• [Your instructions]
Your task is to transcribe the entries below exactly, from their first line down to the line containing "obtains l h", and to stop there.

-------

lemma separating_functional_pair:
  fixes T :: "'a::real_vector \<Rightarrow> real \<times> real"
  assumes "linear T" "inj T" "finite S" "S \<noteq> {}" "x0 \<notin> convex hull S"
  obtains l h :: "'a \<Rightarrow> real"
  where "linear l" "linear h" "\<And>x. x \<in> S \<Longrightarrow> 0 < l (x - x0)" "\<And>x. l x = 0 \<Longrightarrow> h x = 0 \<Longrightarrow> x = 0"
proof -
  have "T x0 \<notin> T ` (convex hull S)" using assms(2,5) by (auto dest: injD)
  then have "T x0 \<notin> convex hull (T ` S)" by (simp add: convex_hull_linear_image[OF assms(1)])
  moreover have "closed (convex hull (T ` S))"
    using assms(3) by (simp add: compact_imp_closed finite_imp_compact_convex_hull)
  ultimately obtain a b where ab: "inner a (T x0) < b" "\<forall>y\<in>convex hull (T ` S). b < inner a y"
    using separating_hyperplane_closed_point[OF convex_convex_hull] by blast
  obtain a1 a2 where a: "a = (a1, a2)" by fastforce
  define l where "l x = inner a (T x)" for x
  define h where "h x = a1 * snd (T x) - a2 * fst (T x)" for x
  have "linear l" "linear h"
    using assms(1) unfolding l_def h_def linear_iff by (simp_all add: inner_add_right algebra_simps)
  moreover have "0 < l (x - x0)" if "x \<in> S" for x
  proof -
    have "b < l x" using ab(2) hull_subset[of "T ` S" convex] that by (auto simp: l_def)
    moreover have "l (x - x0) = l x - l x0" using \<open>linear l\<close> by (rule linear_diff)
    ultimately show ?thesis using ab(1) by (simp add: l_def)
  qed
  moreover have "x = 0" if "l x = 0" "h x = 0" for x
  proof -
    have "a \<noteq> 0" using ab assms(4) hull_subset[of "T ` S" convex] by fastforce
    then have "0 < a1 * a1 + a2 * a2" using a by (simp add: sum_squares_gt_zero_iff zero_prod_def)
    moreover have "(a1 * a1 + a2 * a2) * fst (T x) = a1 * l x - a2 * h x"
      "(a1 * a1 + a2 * a2) * snd (T x) = a2 * l x + a1 * h x"
      by (simp_all add: l_def h_def a inner_prod_def algebra_simps)
    ultimately have "T x = 0" using that by (auto simp: prod_eq_iff)
    then show ?thesis using injD[OF assms(2), of x 0] linear_0[OF assms(1)] by simp
  qed
  ultimately show thesis by (rule that)
qed

lemma angular_enumeration:
  fixes x0 :: "'a::real_normed_vector"
  assumes plane: "minkowski_plane TYPE('a)" and "finite S" "x0 \<notin> convex hull S"
  obtains a where "bij_betw a {..<card S} S" "angularly_sorted (\<lambda>i. a i - x0) (card S)"
proof (cases "S = {}")
  case True
  then show thesis using that[of "\<lambda>_. x0"] by (simp add: angularly_sorted_def bij_betw_def)
next
  case False
  then obtain s where "s \<in> S" by blast
  then have "s - x0 \<noteq> 0" using assms(3) hull_subset[of S convex] by auto
  obtain w and \<xi> \<eta> :: "'a \<Rightarrow> real"
    where coord: "linear \<xi>" "linear \<eta>" "\<And>x. x = \<xi> x *\<^sub>R (s - x0) + \<eta> x *\<^sub>R w"
    using minkowski_plane_coordinates[OF plane \<open>s - x0 \<noteq> 0\<close>] by metis
  define T where "T x = (\<xi> x, \<eta> x)" for x
  have "linear T" using coord(1,2) unfolding T_def linear_iff by (simp add: linear_add linear_scale)
  moreover have "inj T" by (rule injI) (metis T_def coord(3) prod.inject)
  ultimately obtain l h :: "'a \<Rightarrow> real" where lh: "linear l" "linear h"
    "\<And>x. x \<in> S \<Longrightarrow> 0 < l (x - x0)" "\<And>x. l x = 0 \<Longrightarrow> h x = 0 \<Longrightarrow> x = 0"
    using separating_functional_pair[OF _ _ assms(2) False assms(3)] by metis
  define slope where "slope x = h (x - x0) / l (x - x0)" for x
  obtain xs where "distinct xs" "set xs = S" using finite_distinct_list[OF assms(2)] by blast
  define zs where "zs = sort_key slope xs"
  have zs: "distinct zs" "set zs = S" "length zs = card S" "sorted (map slope zs)"
    using \<open>distinct xs\<close> \<open>set xs = S\<close> distinct_card[of zs] by (simp_all add: zs_def)
  have "bij_betw ((!) zs) {..<card S} S" by (rule bij_betw_nth) (simp_all add: zs)
  moreover have "angularly_sorted (\<lambda>i. zs ! i - x0) (card S)"
    unfolding angularly_sorted_def
  proof (intro allI impI)
    fix i j q assume "i \<le> j" "j \<le> q" "q < card S"
    then have "zs ! i \<in> S" "zs ! j \<in> S" "zs ! q \<in> S" using zs(2,3) nth_mem by fastforce+
    moreover have "slope (zs ! i) \<le> slope (zs ! j)" "slope (zs ! j) \<le> slope (zs ! q)"
      using sorted_nth_mono[OF zs(4)] \<open>i \<le> j\<close> \<open>j \<le> q\<close> \<open>q < card S\<close> zs(3) by simp_all
    ultimately show "in_cone (zs ! j - x0) (zs ! i - x0) (zs ! q - x0)"
      using lh(3) by (intro in_cone_of_slope_order[OF lh(1,2,4)]) (simp_all add: slope_def)
  qed
  ultimately show thesis by (rule that)
qed

lemma extreme_point_notin_convex_hull_delete:
  assumes "x extreme_point_of (convex hull A)"
  shows "x \<notin> convex hull (A - {x})"
proof -
  have "convex (convex hull A - {x})"
    using assms extreme_point_of_stillconvex[OF convex_convex_hull] by blast
  moreover have "A - {x} \<subseteq> convex hull A - {x}" using hull_subset[of A convex] by blast
  ultimately have "convex hull (A - {x}) \<subseteq> convex hull A - {x}" by (rule hull_minimal[rotated])
  then show ?thesis by blast
qed

section \<open>Pairs around a Fermat-Torricelli point\<close>

lemma norm_shift_in_cone_le:
  assumes "d = \<alpha> *\<^sub>R v + \<beta> *\<^sub>R w" "0 \<le> \<beta>" "0 \<le> t" "t * \<alpha> \<le> 1"
  shows "norm (t *\<^sub>R d - v) \<le> (1 - t * \<alpha>) * norm v + t * \<beta> * norm w"
proof -
  have "t *\<^sub>R d - v = (1 - t * \<alpha>) *\<^sub>R (- v) + (t * \<beta>) *\<^sub>R w"
    using assms(1) by (simp add: algebra_simps)
  then have "norm (t *\<^sub>R d - v) \<le> norm ((1 - t * \<alpha>) *\<^sub>R (- v)) + norm ((t * \<beta>) *\<^sub>R w)"
    by (metis norm_triangle_ineq)
  also have "\<dots> = (1 - t * \<alpha>) * norm v + t * \<beta> * norm w"
    using assms(2-4) by simp
  finally show ?thesis .
qed

lemma norm_shift_in_cone_sum_le:
  assumes "d = \<alpha> *\<^sub>R v + \<beta> *\<^sub>R w" "0 \<le> \<alpha>" "0 \<le> \<beta>" "0 \<le> t" "t * \<alpha> \<le> 1" "t * \<beta> \<le> 1"
  shows "norm (t *\<^sub>R d - v) + norm (t *\<^sub>R d - w) \<le> norm v + norm w"
  using norm_shift_in_cone_le[OF assms(1,3,4,5)] norm_shift_in_cone_le[of d \<beta> w \<alpha> v t] assms
  by (simp add: algebra_simps)

lemma antinorming_functional_of_shift_eq:
  assumes plane: "minkowski_plane TYPE('a::real_normed_vector)"
    and d: "d = \<alpha> *\<^sub>R v + \<beta> *\<^sub>R w" "0 \<le> \<alpha>" "0 \<le> \<beta>" "d \<noteq> 0"
    and t: "0 < t" "t * \<alpha> < 1" "t * \<beta> < 1"
    and eq: "norm v + norm w \<le> norm (t *\<^sub>R d - v) + norm (t *\<^sub>R d - (w::'a))"
  obtains \<psi> where "norm_dominated \<psi>" "\<psi> v = norm v" "\<psi> w = - norm w"
proof -
  have "norm (t *\<^sub>R d - v) \<le> (1 - t * \<alpha>) * norm v + t * \<beta> * norm w"
    and "norm (t *\<^sub>R d - w) \<le> (1 - t * \<beta>) * norm w + t * \<alpha> * norm v"
    using norm_shift_in_cone_le[OF d(1)] norm_shift_in_cone_le[of d \<beta> w \<alpha> v t] d t
    by (simp_all add: add.commute)
  then have eq_v: "norm (t *\<^sub>R d - v) = (1 - t * \<alpha>) * norm v + t * \<beta> * norm w"
    and eq_w: "norm (t *\<^sub>R d - w) = t * \<alpha> * norm v + (1 - t * \<beta>) * norm w"
    using eq by (simp_all add: algebra_simps)
  show thesis
  proof (cases "\<alpha> = 0")
    case True
    then have "0 < t * \<beta>" using d t by (auto simp: zero_less_mult_iff)
    have "(1 - t * \<alpha>) *\<^sub>R v - (t * \<beta>) *\<^sub>R w = - (t *\<^sub>R d - v)"
      using d(1) by (simp add: algebra_simps)
    then have "norm ((1 - t * \<alpha>) *\<^sub>R v - (t * \<beta>) *\<^sub>R w) = (1 - t * \<alpha>) * norm v + t * \<beta> * norm w"
      using eq_v by (metis norm_minus_cancel)
    from antinorming_functional_of_norm_diff_eq[OF plane _ _ this that] show thesis
      using t \<open>0 < t * \<beta>\<close> by simp
  next
    case False
    then have "0 < t * \<alpha>" using d t by simp
    have "t *\<^sub>R d - w = (t * \<alpha>) *\<^sub>R v - (1 - t * \<beta>) *\<^sub>R w"
      using d(1) by (simp add: algebra_simps)
    then have "norm ((t * \<alpha>) *\<^sub>R v - (1 - t * \<beta>) *\<^sub>R w) = t * \<alpha> * norm v + (1 - t * \<beta>) * norm w"
      using eq_w by simp
    from antinorming_functional_of_norm_diff_eq[OF plane _ _ this that] show thesis
      using t \<open>0 < t * \<alpha>\<close> by simp
  qed
qed

lemma sum_pair_partition:
  assumes "finite I" "card (f ` I \<union> g ` I) = 2 * card I"
  shows "\<And>i. i \<in> I \<Longrightarrow> f i \<noteq> g i"
    and "sum h (f ` I \<union> g ` I) = (\<Sum>i\<in>I. h (f i) + h (g i))"
proof -
  have "card (f ` I) + card (g ` I) = card (f ` I \<union> g ` I) + card (f ` I \<inter> g ` I)"
    using assms(1) by (intro card_Un_Int) auto
  moreover have "card (f ` I) \<le> card I" "card (g ` I) \<le> card I"
    using assms(1) by (simp_all add: card_image_le)
  ultimately have "card (f ` I) = card I" "card (g ` I) = card I" "card (f ` I \<inter> g ` I) = 0"
    using assms(2) by linarith+
  then have inj: "inj_on f I" "inj_on g I" and disj: "f ` I \<inter> g ` I = {}"
    using assms(1) by (simp_all add: eq_card_imp_inj_on)
  then show "\<And>i. i \<in> I \<Longrightarrow> f i \<noteq> g i" by blast
  have "sum h (f ` I \<union> g ` I) = sum h (f ` I) + sum h (g ` I)"
    using assms(1) disj by (simp add: sum.union_disjoint)
  also have "\<dots> = (\<Sum>i\<in>I. h (f i) + h (g i))"
    using inj by (simp add: sum.reindex sum.distrib)
  finally show "sum h (f ` I \<union> g ` I) = (\<Sum>i\<in>I. h (f i) + h (g i))" .
qed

-------

• [Answer section]
lemma separating_functional_pair:
  fixes T :: "'a::real_vector \<Rightarrow> real \<times> real"
  assumes "linear T" "inj T" "finite S" "S \<noteq> {}" "x0 \<notin> convex hull S"
  obtains l h :: "'a \<Rightarrow> real"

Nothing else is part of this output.